If you have dedicated landing pages that have been roboted out, then it is simply a process of reviewing organic landing pages to filter for the folder or naming conventions of those dedication landing pages.


If you see a dramatic increase in organic conversions, view a line graph over the last few months with lines separated by channels, specifically, paid search vs. organic. If paid conversions dip as organic conversions rise, then you may need to start doing a little more digging.


Organic Conversions Are NOT Looking So Hot…

No Tagging on Landing Page

It is quite imperative (common sense) to have analytics tracking code on each page. While these can leave you with pageview downtrends because you have this tracking loss on important pages, this can also have an effect on channel attribution of conversions. How so, you ask? If you lose Google Analytics tracking on an important page of the site, someone organically lands on this page and then moves onto another tracked page and into a conversion, the credit goes to the direct channel. This is because once someone reached a tracked page, Google Analytics doesn’t understand that they entered via the Organic channel. As we did above, take a look at direct vs. organic conversions. Additionally, run a site scraping crawl such as ScreamingFrog with a custom look for pages not including your “UA-“Google Analytics property ID.


Unaccounted for Organic Conversions (PDFs)

Above, I provided the insight on channel attribution confusion from Google Analytics. I have said many times, I freaking hate PDFs for the lack of Google Analytics tracking we have for them. Let us pretend for a moment that we have many, many PDFs indexed and ranking well.


In the example above, this site has 20 percent of their organic search exposure showing PDFs. If these PDFs have prominent links or calls to action in the PDF first page, chances are they are driving traffic and converting and the direct channel is getting the credit. This is because the PDFs do not have the ability to possess analytical tracking code. P.S. Create HTML versions of these pages and when they overtake PDFs, add these PDFs to the robots.txt file.

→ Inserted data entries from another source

lemma constant_map_reducible:
  assumes "finite S" "z \<in> S" "\<forall>s\<in>S. f s = z"
    and "card S = a * b" "a < card S" "b < card S"
  shows "reducible S f"
proof -
  define SA SB where "SA = {..<a}" and "SB = {..<b}"
  have "2 \<le> a" using proper_factor_ge_2 assms(4-6) .
  moreover have "2 \<le> b" using proper_factor_ge_2[of "card S" b a] assms(4-6) by (simp add: mult.commute)
  ultimately have origin: "(0, 0) \<in> SA \<times> SB" by (simp add: SA_def SB_def)
  have "fds SA (\<lambda>_. 0)" "fds SB (\<lambda>_. 0)" "card SA < card S" "card SB < card S"
    using origin assms(5,6) by (auto simp: fds_def SA_def SB_def)
  moreover have "fds_iso (SA \<times> SB) (fds_prod_map (\<lambda>_. 0) (\<lambda>_. 0)) S f"
  proof -
    have "finite (SA \<times> SB)" "card (SA \<times> SB) = card S"
      using assms(4) by (simp_all add: SA_def SB_def card_cartesian_product)
    then obtain g where g: "bij_betw g (SA \<times> SB) S"
      using finite_same_card_bij assms(1) by blast
    then obtain q where q: "q \<in> SA \<times> SB" "g q = z"
      using \<open>z \<in> S\<close> unfolding bij_betw_def by blast
    \<comment> \<open>Any bijection works once it is composed with a transposition sending (0, 0) to z.\<close>
    define h where "h = Fun.swap (0, 0) q g"
    have h: "bij_betw h (SA \<times> SB) S"
      unfolding h_def bij_betw_swap_iff[OF origin q(1)] by (rule g)
    have "h (0, 0) = z" using q(2) by (simp add: h_def)
    then have "h (fds_prod_map (\<lambda>_. 0) (\<lambda>_. 0) p) = f (h p)" if "p \<in> SA \<times> SB" for p
      using bij_betwE[OF h] that assms(3) by (auto simp: fds_prod_map_def split: prod.splits)
    with h show ?thesis unfolding fds_iso_def by blast
  qed
  ultimately show ?thesis unfolding reducible_def by blast
qed

theorem mainTheorem7:
  fixes S :: "'a set" and f :: "'a \<Rightarrow> 'a"
  assumes "linear_dendron S f"
  shows "reducible S f \<longleftrightarrow> is_star S f \<and> composite (card S)"
proof
  assume "reducible S f"
  then show "is_star S f \<and> composite (card S)"
    using reducible_linear_dendron_is_star[OF assms] reducible_imp_composite by simp
next
  assume star: "is_star S f \<and> composite (card S)"
  obtain z where z: "z \<in> S" "f z = z"
    using assms unfolding linear_dendron_def dendron_def by blast
  have "finite S" using assms unfolding linear_dendron_def dendron_def fds_def by blast
  moreover have "\<forall>s\<in>S. f s = z" using star linear_dendron_is_star_iff[OF assms z] by blast
  moreover obtain a b where "card S = a * b" "a < card S" "b < card S"
    using star unfolding composite_iff_factors by blast
  ultimately show "reducible S f" by (rule constant_map_reducible[OF _ z(1)])
qed

end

Managed Organic Traffic Reporting as Referring Site Traffic

I have not seen this that much, but is has been a head-scratcher in the past. The issue is that site visits are passing through a third party before being passed to the site. As an example, I saw organic traffic/conversions plummet. After a deep review I wondered why mobile organic dropped greatly and homepage referring site mobile traffic picked up the increase. The client had utilized a solution called Dudamobile, which created a mobile site that went through Dudamobile from Google before passing the visit onto the client site.

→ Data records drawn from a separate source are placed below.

(* Let $G$ be a terrain visibility graph. Then for every integer $k \ge 6$, $G$ contains no induced subgraph isomorphic to the complement $\overline{C_k}$ of the cycle on $k$ vertices (i.e., $G$ contains no antihole of size at least $6$).
   Context: A (1.5-dimensional) terrain is an $x$-monotone polygonal chain in the plane given by a finite set $V$ of terrain vertices with pairwise distinct $x$-coordinates. Write $p<q$ if $p^x<q^x$. The terrain visibility graph has vertex set $V$, and for $p<q$ the pair $\{p,q\}$ is an edge if and only if every terrain vertex $r$ with $p<r<q$ satisfies $r^y < p^y + (q^y-p^y)\frac{r^x-p^x}{q^x-p^x}$ (i.e., no vertex between them lies on or above the segment $pq$). A graph is a terrain visibility graph if it is isomorphic to the visibility graph of some terrain. *)

theory Defs
  imports Main "HOL-Library.Product_Plus" Complex_Main
begin

text \<open>A terrain is given by its finite set of vertices, points in the plane
  (x-coordinate = fst, y-coordinate = snd) with pairwise distinct x-coordinates.\<close>
definition terrain :: "(real \<times> real) set \<Rightarrow> bool" where
  "terrain V \<longleftrightarrow> finite V \<and> inj_on fst V"

definition sees :: "(real \<times> real) set \<Rightarrow> real \<times> real \<Rightarrow> real \<times> real \<Rightarrow> bool" where
  "sees V p q \<longleftrightarrow> (\<forall>r\<in>V. fst p < fst r \<and> fst r < fst q \<longrightarrow>
      snd r < snd p + (snd q - snd p) * (fst r - fst p) / (fst q - fst p))"

definition tvis_edge :: "(real \<times> real) set \<Rightarrow> real \<times> real \<Rightarrow> real \<times> real \<Rightarrow> bool" where
  "tvis_edge V p q \<longleftrightarrow> p \<in> V \<and> q \<in> V \<and>
     ((fst p < fst q \<and> sees V p q) \<or> (fst q < fst p \<and> sees V q p))"

definition terrain_visibility_graph :: "'a set \<Rightarrow> ('a \<Rightarrow> 'a \<Rightarrow> bool) \<Rightarrow> bool" where
  "terrain_visibility_graph W E \<longleftrightarrow>
     (\<exists>T f. terrain T \<and> bij_betw f W T \<and>
        (\<forall>u\<in>W. \<forall>v\<in>W. u \<noteq> v \<longrightarrow> (E u v \<longleftrightarrow> tvis_edge T (f u) (f v))))"

definition cycle_adj :: "nat \<Rightarrow> nat \<Rightarrow> nat \<Rightarrow> bool" where
  "cycle_adj k i j \<longleftrightarrow> j = Suc i mod k \<or> i = Suc j mod k"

Conversion Goal Set Is Similar to Non-Conversion URLs

Conversion goal setup in Google Analytics is something you don’t want to take lightly. Setting up a wrong match type can report conversions that necessarily are not conversions. It is always the safest measure to track a conversion to an exact URL. If you utilize separate URL structures for the same conversion, then I can see using Regular Expressions. If you are using session IDs, for example, then “Begins With” may be your best solution. However, if you are loosely assigning a “Begins With” structure, you may be picking up page views as conversions that are not exactly the conversion thank-you page.


Are We “Tracking” Now?

As with other topics in search, these aren’t the only issues that may be causing inaccurate organic conversion data. It is, however, the most common issues that I have run into. I hope that this is a little refresher in knowing the authenticity of organic data and its accuracy. Knowing you are right makes “tooting your horn” about organic success a little safer.